+++ Listed entries +++

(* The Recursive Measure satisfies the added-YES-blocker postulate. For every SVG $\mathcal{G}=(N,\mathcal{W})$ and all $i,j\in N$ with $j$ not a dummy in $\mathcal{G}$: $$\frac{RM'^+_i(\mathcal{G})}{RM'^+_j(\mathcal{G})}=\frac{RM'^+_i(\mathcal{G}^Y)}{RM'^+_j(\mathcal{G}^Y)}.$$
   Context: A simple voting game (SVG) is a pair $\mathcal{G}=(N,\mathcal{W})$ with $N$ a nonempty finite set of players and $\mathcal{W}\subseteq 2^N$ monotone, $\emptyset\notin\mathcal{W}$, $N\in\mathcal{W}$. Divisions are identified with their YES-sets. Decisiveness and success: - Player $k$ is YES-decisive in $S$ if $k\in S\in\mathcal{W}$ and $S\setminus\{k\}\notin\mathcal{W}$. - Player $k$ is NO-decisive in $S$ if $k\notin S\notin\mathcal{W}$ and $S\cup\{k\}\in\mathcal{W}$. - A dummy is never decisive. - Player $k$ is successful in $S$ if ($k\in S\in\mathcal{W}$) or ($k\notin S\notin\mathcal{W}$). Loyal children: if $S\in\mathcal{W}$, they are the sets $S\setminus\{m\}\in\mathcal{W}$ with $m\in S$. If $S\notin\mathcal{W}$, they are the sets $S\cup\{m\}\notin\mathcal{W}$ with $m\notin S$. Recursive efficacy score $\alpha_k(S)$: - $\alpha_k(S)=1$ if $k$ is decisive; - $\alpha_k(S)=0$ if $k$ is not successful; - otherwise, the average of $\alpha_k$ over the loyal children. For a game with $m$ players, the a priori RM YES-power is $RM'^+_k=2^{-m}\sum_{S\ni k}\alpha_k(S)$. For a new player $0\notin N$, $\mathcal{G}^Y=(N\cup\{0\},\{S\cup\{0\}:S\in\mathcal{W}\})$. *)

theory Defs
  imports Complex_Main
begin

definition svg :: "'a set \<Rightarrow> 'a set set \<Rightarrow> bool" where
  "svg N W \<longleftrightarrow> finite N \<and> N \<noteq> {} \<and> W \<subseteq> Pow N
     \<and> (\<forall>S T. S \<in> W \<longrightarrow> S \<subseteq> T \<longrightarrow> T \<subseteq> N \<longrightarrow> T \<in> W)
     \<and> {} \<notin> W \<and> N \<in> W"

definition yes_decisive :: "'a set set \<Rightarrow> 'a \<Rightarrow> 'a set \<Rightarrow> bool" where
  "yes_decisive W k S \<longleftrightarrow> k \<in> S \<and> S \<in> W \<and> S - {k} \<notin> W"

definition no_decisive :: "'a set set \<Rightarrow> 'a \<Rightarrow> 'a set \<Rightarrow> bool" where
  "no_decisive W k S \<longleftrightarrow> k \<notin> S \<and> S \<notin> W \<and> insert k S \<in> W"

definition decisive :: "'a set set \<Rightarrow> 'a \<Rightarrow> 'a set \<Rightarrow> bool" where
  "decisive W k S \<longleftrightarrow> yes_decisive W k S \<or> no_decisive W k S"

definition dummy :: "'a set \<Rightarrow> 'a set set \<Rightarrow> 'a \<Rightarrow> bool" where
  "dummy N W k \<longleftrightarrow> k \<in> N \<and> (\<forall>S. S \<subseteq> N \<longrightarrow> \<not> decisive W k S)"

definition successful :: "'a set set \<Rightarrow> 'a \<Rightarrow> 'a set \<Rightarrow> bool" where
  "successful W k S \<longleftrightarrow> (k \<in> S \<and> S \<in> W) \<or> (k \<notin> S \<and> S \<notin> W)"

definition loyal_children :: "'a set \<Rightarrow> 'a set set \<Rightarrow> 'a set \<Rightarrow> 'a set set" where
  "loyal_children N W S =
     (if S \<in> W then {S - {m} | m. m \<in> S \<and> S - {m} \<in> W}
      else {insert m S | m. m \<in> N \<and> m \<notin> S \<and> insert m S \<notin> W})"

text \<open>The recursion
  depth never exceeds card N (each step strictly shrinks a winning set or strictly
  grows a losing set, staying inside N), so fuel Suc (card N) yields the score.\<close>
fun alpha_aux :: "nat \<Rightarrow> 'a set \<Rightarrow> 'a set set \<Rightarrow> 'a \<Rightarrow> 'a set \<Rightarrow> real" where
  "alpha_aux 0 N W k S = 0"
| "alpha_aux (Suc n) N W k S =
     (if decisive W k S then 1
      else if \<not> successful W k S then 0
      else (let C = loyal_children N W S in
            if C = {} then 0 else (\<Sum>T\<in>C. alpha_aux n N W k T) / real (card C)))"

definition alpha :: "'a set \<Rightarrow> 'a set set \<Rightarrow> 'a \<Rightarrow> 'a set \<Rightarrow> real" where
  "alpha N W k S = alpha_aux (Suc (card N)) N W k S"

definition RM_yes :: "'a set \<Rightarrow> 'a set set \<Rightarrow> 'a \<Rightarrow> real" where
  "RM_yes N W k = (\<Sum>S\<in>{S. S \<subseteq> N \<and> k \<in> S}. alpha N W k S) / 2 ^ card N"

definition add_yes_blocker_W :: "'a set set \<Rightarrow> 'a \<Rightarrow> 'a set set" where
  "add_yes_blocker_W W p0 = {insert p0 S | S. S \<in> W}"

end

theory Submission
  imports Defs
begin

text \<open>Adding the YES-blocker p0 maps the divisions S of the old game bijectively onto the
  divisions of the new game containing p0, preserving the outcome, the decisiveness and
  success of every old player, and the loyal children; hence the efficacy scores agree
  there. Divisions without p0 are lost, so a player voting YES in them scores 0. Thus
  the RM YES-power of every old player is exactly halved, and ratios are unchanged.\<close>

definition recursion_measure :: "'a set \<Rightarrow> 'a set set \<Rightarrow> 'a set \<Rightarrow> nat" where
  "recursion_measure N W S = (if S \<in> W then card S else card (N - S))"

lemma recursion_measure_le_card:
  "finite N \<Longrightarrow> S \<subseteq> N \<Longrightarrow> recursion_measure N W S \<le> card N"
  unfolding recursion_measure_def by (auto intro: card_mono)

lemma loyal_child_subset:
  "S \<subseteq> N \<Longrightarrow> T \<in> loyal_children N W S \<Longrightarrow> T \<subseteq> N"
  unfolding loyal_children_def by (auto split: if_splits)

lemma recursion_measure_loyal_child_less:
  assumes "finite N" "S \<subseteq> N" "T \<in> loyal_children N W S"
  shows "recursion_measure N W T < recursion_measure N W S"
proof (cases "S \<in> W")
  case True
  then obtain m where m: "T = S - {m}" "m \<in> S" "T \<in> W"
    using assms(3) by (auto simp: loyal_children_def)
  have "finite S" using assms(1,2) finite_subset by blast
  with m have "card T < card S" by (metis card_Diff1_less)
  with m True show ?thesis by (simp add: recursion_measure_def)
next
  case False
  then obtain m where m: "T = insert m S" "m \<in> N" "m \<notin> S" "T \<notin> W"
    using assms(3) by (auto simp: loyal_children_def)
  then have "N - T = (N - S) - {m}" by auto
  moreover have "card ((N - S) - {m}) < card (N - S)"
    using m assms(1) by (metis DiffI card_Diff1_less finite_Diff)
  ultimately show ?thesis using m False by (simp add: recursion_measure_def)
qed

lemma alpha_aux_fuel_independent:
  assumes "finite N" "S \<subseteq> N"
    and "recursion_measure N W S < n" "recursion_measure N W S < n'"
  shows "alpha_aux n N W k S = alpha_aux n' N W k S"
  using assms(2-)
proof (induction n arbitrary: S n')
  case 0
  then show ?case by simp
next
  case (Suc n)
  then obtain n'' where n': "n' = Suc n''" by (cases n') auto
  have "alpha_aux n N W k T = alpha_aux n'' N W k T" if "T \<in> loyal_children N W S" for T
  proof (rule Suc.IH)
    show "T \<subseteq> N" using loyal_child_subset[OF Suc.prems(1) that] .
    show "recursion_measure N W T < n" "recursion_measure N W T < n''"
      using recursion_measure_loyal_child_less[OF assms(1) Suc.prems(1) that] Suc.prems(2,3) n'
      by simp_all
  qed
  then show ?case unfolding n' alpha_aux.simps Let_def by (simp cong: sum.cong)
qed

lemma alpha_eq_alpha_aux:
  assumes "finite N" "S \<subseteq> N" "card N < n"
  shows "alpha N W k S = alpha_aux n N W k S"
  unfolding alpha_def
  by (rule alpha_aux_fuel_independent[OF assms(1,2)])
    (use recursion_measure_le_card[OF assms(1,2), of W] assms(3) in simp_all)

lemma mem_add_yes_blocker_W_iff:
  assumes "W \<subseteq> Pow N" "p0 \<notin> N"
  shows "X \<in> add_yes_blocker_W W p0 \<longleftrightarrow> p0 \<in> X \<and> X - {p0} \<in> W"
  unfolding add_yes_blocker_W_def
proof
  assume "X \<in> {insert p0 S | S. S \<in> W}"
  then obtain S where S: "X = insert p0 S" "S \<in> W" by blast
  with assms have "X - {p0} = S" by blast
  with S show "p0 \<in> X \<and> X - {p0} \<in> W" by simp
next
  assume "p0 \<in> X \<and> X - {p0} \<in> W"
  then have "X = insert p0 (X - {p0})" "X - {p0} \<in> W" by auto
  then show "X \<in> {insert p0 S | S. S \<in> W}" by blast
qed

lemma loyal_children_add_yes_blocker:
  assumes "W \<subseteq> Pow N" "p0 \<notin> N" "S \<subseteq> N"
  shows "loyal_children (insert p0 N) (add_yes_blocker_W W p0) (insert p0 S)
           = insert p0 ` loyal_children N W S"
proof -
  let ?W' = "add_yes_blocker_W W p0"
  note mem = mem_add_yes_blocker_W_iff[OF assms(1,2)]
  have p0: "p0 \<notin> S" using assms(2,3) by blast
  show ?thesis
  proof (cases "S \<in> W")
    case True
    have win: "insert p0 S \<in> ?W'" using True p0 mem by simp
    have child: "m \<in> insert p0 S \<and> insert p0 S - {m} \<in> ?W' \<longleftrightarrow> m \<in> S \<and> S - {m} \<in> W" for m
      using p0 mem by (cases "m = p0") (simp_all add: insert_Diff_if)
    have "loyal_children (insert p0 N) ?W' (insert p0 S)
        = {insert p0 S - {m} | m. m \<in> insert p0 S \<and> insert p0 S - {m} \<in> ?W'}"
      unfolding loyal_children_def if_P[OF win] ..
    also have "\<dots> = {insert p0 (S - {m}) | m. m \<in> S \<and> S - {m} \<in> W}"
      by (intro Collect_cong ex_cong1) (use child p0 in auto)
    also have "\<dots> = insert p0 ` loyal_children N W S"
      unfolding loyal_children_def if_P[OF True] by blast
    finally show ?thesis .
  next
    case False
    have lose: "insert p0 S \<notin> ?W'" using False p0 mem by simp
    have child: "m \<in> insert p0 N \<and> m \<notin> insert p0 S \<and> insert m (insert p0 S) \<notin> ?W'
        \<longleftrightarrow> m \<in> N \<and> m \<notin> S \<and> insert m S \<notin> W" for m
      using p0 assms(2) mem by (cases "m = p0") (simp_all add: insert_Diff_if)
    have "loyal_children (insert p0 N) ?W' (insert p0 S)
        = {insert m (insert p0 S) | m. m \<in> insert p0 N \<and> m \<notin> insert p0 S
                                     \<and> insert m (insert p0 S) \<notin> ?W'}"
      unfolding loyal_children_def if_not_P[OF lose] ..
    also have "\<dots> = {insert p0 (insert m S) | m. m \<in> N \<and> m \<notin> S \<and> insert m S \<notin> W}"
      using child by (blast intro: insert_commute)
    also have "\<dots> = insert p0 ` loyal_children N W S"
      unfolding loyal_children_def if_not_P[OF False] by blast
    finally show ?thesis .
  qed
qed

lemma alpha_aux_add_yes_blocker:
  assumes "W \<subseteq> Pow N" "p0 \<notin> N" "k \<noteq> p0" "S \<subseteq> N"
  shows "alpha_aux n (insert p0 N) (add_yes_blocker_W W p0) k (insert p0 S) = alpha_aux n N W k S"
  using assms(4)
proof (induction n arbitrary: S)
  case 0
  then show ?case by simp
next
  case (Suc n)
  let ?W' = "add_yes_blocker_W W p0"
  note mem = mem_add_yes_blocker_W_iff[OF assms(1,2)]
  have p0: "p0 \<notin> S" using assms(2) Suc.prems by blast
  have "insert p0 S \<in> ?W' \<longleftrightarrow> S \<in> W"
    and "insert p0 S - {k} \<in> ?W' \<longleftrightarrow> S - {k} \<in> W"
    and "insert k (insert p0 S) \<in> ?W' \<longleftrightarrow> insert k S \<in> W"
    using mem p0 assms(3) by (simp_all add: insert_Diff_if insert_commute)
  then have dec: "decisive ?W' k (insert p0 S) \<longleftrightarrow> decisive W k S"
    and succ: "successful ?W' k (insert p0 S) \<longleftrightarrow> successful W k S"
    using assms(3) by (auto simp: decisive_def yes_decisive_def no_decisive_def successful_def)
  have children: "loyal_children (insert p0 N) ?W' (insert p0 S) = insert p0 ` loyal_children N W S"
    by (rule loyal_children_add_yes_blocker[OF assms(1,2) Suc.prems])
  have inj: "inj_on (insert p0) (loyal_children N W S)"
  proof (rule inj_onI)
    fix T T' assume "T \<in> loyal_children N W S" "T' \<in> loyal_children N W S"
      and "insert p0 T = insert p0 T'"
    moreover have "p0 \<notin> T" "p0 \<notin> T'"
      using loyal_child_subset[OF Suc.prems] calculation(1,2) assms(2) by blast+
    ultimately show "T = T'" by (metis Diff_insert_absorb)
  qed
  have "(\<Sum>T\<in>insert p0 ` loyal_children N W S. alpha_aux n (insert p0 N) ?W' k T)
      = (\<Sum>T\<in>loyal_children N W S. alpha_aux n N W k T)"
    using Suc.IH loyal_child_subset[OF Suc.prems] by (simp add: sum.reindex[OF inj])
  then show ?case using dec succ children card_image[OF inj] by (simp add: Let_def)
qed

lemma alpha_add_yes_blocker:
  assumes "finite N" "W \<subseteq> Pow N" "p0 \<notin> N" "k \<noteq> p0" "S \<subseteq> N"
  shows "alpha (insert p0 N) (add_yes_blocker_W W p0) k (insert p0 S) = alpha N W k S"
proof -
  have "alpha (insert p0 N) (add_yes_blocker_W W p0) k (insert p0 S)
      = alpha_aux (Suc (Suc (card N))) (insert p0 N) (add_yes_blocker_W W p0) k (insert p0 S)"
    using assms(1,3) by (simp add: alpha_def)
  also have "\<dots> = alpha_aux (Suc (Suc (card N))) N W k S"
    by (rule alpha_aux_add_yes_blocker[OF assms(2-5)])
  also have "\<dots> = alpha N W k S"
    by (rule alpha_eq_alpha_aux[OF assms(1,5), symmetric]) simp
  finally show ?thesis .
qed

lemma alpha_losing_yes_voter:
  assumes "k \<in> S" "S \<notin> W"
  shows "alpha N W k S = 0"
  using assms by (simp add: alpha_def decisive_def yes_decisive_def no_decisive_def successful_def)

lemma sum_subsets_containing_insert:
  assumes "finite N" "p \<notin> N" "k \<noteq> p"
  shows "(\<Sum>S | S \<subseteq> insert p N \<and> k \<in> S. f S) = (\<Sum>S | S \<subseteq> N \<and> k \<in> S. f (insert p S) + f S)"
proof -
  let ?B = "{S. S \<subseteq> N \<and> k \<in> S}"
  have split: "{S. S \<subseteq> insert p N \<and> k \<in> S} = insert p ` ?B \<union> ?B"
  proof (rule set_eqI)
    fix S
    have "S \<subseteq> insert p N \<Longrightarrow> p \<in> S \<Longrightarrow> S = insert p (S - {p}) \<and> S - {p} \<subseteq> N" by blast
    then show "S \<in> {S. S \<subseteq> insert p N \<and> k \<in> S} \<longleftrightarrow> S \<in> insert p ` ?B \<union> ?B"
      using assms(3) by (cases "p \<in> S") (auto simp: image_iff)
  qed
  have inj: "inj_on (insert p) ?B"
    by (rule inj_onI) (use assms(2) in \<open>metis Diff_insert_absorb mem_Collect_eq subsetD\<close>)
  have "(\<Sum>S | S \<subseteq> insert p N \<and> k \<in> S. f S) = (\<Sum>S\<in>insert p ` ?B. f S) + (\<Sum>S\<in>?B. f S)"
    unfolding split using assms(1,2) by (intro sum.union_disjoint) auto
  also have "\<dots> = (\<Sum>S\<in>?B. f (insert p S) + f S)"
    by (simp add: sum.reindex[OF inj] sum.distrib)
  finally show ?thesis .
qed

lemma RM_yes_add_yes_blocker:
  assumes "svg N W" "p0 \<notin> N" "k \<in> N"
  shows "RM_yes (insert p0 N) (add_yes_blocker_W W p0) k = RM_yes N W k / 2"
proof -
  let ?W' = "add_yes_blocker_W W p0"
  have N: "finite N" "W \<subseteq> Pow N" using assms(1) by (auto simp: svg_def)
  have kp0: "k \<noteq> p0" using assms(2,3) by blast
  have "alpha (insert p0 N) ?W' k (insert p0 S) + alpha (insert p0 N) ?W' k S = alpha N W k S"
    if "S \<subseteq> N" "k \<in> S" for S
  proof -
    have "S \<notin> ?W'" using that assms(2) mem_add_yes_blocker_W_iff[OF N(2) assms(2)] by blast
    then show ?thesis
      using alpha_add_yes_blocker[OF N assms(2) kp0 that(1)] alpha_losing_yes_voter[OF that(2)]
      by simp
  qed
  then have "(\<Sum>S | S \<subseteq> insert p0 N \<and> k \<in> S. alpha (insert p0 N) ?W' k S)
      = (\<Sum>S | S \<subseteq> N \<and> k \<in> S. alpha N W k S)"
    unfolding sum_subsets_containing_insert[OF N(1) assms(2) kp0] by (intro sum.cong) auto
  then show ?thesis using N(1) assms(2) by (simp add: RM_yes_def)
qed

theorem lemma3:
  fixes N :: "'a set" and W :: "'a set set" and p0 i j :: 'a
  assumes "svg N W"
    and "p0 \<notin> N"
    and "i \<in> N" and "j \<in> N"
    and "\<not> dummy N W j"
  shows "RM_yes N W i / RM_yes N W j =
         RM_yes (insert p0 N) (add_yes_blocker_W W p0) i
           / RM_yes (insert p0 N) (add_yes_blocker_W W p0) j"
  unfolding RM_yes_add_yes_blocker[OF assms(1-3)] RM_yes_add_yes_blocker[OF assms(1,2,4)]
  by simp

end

+++

About this exercise: From the records above, show each line that contains the word "close".

The answer:
  grows a losing set, staying inside N), so fuel Suc (card N) yields the score.\<close>
  the RM YES-power of every old player is exactly halved, and ratios are unchanged.\<close>
    by (rule inj_onI) (use assms(2) in \<open>metis Diff_insert_absorb mem_Collect_eq subsetD\<close>)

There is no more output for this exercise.